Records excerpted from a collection

☆ ☆ ☆ ☆ ☆

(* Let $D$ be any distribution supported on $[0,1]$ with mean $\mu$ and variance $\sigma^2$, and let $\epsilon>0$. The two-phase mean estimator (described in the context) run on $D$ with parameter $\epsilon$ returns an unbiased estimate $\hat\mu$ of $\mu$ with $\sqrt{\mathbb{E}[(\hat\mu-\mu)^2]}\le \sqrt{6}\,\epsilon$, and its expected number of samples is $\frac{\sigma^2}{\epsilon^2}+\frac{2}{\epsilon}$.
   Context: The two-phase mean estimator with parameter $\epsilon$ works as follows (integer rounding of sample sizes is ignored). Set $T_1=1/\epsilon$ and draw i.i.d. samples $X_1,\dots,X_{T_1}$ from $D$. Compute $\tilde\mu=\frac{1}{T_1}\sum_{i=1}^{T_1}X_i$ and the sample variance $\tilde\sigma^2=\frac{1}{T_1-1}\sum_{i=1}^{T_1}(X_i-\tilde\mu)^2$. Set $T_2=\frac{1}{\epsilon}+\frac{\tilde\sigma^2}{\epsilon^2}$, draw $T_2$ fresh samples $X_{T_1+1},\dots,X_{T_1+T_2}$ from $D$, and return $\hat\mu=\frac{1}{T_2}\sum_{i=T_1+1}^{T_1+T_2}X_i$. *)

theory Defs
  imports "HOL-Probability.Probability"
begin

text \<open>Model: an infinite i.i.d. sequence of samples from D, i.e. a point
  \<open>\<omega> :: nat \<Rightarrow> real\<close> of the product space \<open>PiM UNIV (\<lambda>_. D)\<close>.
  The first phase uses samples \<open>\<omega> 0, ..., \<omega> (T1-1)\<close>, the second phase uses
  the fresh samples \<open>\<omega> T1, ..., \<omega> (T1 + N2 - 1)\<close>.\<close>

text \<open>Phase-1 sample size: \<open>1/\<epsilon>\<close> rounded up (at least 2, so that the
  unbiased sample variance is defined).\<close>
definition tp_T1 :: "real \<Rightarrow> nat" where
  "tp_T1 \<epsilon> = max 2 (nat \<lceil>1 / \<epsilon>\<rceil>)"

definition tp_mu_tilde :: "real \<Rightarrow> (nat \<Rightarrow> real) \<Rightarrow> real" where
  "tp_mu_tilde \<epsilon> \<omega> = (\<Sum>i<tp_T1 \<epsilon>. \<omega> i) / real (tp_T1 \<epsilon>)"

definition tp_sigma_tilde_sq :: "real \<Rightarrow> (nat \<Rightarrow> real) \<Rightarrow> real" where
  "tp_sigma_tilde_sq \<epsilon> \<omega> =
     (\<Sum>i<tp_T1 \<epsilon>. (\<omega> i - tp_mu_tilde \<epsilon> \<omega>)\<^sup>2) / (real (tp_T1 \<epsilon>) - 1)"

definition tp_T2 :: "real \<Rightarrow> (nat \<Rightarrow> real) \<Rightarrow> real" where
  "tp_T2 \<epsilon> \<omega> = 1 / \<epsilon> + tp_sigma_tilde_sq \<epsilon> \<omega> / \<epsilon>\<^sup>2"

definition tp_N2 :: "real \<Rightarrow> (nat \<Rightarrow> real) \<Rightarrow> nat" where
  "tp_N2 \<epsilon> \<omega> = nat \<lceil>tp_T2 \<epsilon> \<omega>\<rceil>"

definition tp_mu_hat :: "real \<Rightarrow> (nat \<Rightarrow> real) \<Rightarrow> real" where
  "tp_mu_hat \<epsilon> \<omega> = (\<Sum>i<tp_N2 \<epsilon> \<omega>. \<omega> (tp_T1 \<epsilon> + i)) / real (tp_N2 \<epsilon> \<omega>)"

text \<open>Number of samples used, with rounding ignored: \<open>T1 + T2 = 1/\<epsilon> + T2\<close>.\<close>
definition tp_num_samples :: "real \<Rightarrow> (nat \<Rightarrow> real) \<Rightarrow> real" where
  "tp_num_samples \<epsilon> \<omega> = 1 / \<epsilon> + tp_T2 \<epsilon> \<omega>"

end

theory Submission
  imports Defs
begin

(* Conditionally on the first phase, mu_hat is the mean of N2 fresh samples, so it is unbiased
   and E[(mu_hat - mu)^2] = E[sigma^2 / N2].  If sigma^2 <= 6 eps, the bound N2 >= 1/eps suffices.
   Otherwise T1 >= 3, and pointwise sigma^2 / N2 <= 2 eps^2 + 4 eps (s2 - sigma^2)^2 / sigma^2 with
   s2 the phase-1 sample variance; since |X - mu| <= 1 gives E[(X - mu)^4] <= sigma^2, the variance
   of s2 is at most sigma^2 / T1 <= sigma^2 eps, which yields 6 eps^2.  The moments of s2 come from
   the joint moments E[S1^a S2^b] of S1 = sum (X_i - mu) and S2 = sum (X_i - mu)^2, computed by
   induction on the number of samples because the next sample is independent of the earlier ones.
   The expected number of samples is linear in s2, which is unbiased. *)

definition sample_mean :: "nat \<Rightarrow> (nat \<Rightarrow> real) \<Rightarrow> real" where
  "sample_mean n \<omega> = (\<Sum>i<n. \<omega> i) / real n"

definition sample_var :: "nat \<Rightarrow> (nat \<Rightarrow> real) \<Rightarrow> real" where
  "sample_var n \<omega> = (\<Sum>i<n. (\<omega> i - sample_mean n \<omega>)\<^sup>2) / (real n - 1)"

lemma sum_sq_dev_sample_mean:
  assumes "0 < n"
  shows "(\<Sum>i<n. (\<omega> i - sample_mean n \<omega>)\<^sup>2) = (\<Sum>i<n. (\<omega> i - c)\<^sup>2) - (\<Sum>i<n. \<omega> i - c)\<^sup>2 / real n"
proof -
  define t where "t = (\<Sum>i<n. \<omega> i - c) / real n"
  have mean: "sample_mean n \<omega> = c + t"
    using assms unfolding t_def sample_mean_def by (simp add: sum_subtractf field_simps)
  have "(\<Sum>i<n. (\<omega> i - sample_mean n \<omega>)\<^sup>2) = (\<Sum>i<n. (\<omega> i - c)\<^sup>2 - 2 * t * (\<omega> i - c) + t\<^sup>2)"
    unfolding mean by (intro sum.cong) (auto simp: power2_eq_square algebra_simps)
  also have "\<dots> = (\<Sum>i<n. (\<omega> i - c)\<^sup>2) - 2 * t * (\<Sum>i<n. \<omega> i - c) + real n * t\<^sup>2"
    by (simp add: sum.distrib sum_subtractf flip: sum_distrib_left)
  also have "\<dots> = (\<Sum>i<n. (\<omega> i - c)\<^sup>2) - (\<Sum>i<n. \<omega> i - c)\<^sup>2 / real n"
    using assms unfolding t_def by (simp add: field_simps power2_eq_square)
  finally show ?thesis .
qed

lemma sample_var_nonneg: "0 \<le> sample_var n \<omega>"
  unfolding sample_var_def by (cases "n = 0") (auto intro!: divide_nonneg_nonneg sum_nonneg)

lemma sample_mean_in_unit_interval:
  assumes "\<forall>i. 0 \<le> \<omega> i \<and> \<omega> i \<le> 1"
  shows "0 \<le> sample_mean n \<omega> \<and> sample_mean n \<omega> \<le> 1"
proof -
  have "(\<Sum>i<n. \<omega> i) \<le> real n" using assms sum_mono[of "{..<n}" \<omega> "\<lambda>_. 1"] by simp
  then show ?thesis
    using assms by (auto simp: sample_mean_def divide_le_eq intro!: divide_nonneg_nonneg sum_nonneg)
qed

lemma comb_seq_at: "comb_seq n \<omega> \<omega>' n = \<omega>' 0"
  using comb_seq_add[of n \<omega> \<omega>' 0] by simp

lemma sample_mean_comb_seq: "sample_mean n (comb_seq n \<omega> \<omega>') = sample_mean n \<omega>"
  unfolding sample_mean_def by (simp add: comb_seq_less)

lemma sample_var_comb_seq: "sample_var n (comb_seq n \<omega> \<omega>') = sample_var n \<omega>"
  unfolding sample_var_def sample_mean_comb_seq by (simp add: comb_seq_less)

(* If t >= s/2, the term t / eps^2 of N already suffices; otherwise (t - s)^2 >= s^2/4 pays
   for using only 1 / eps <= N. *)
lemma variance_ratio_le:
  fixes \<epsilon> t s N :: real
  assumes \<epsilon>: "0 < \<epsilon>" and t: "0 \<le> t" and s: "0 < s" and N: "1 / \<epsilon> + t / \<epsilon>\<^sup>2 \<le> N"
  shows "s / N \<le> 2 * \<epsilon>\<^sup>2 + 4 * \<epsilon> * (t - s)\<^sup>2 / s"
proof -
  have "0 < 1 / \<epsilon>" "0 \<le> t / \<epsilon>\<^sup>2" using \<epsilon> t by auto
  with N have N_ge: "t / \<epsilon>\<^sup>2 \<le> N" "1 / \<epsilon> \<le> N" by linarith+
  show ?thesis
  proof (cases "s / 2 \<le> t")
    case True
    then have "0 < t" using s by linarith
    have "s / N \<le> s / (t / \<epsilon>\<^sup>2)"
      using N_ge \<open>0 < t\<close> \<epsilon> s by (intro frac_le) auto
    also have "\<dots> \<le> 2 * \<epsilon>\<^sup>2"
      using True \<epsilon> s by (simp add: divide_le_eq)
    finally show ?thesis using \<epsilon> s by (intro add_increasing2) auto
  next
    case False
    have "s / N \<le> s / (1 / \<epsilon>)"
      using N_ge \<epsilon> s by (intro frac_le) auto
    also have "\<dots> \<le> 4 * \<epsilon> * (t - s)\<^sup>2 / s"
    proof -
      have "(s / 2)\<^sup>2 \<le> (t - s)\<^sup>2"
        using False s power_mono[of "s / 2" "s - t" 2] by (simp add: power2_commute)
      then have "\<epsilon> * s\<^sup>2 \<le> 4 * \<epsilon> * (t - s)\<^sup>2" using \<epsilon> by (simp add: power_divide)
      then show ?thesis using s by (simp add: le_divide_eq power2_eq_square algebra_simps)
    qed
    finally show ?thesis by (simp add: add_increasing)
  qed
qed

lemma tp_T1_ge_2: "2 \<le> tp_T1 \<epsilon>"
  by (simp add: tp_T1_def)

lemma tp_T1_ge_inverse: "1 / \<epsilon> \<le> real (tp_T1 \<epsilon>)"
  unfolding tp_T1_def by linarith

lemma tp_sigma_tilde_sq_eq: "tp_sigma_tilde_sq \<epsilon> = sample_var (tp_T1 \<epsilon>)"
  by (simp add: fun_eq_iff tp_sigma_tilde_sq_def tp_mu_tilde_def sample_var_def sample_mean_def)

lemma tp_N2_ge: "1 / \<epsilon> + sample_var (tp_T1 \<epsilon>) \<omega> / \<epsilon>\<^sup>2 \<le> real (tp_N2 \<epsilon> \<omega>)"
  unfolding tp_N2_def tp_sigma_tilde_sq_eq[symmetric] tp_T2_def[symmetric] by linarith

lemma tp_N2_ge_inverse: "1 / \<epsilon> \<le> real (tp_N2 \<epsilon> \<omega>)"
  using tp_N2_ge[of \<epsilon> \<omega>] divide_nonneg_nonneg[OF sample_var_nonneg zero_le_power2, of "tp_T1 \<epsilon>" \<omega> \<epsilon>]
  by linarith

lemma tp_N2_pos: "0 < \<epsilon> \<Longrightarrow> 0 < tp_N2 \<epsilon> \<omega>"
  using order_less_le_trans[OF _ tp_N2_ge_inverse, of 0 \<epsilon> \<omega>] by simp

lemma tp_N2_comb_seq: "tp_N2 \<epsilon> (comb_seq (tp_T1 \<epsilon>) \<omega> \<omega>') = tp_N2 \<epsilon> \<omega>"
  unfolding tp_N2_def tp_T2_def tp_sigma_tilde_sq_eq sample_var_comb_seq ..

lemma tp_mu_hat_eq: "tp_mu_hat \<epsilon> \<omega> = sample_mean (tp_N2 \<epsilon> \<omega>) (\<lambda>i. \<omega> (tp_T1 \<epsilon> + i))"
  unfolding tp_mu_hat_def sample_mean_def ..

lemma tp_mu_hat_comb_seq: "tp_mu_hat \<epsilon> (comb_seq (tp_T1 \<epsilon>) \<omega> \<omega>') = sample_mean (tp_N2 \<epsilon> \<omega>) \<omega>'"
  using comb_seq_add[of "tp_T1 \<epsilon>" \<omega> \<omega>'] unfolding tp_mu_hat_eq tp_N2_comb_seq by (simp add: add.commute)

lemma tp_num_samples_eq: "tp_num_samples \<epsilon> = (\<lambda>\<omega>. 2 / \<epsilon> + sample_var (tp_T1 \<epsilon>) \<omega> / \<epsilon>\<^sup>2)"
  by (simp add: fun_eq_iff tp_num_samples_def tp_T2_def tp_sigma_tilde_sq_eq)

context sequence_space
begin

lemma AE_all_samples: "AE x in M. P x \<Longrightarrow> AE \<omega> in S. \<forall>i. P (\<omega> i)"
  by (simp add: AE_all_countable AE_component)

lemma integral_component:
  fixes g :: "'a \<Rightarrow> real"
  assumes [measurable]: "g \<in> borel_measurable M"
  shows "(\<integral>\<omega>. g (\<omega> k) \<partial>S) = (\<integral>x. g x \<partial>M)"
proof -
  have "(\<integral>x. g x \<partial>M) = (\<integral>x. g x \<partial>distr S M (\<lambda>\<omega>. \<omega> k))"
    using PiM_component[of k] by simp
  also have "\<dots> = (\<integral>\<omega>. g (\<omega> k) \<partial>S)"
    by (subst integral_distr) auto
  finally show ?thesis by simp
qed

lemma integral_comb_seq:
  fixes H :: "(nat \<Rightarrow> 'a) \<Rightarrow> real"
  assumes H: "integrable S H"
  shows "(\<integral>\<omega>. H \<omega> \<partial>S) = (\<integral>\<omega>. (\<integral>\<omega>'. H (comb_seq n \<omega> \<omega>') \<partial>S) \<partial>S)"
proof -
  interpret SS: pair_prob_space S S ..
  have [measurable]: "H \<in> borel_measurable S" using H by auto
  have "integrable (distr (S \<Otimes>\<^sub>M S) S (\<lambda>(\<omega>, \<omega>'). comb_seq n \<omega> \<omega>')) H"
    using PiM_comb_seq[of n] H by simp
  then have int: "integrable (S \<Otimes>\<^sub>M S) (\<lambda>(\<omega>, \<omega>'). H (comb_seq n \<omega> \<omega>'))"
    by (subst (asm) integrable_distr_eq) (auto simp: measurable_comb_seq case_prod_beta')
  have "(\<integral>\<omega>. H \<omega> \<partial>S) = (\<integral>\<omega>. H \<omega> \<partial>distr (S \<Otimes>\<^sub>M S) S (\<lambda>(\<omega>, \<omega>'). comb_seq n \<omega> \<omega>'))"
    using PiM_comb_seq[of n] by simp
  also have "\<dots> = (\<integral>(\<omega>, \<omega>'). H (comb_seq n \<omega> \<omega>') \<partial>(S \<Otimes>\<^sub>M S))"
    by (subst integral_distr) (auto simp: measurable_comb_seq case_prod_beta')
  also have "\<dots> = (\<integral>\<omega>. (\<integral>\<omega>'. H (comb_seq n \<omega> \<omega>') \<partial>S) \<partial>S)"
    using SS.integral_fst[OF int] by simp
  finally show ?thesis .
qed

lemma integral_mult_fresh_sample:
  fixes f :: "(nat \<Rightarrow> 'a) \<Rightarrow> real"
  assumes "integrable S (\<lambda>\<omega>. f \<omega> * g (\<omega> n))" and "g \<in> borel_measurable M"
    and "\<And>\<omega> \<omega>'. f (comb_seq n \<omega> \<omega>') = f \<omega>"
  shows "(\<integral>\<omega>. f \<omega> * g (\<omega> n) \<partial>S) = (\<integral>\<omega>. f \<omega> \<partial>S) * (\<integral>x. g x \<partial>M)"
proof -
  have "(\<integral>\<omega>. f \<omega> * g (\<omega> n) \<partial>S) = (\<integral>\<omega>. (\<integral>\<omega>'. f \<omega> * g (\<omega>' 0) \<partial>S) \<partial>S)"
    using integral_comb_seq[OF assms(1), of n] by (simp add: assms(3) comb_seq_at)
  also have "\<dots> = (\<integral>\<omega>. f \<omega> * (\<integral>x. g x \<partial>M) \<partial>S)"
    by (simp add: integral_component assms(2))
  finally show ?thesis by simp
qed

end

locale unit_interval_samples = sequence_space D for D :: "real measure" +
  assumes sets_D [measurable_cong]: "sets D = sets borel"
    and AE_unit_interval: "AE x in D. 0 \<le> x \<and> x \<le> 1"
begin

☆ ☆ ☆ ☆ ☆

> [TASK STATEMENT]:
What is needed is a verbatim copy of every line in the records above from the one containing "(\<lambda>i. \<omega> (tp_T1" down to the one containing "(simp add: add.commute)", both included, and nothing more.

> [RESPONSE]:
lemma tp_mu_hat_eq: "tp_mu_hat \<epsilon> \<omega> = sample_mean (tp_N2 \<epsilon> \<omega>) (\<lambda>i. \<omega> (tp_T1 \<epsilon> + i))"
  unfolding tp_mu_hat_def sample_mean_def ..

lemma tp_mu_hat_comb_seq: "tp_mu_hat \<epsilon> (comb_seq (tp_T1 \<epsilon>) \<omega> \<omega>') = sample_mean (tp_N2 \<epsilon> \<omega>) \<omega>'"
  using comb_seq_add[of "tp_T1 \<epsilon>" \<omega> \<omega>'] unfolding tp_mu_hat_eq tp_N2_comb_seq by (simp add: add.commute)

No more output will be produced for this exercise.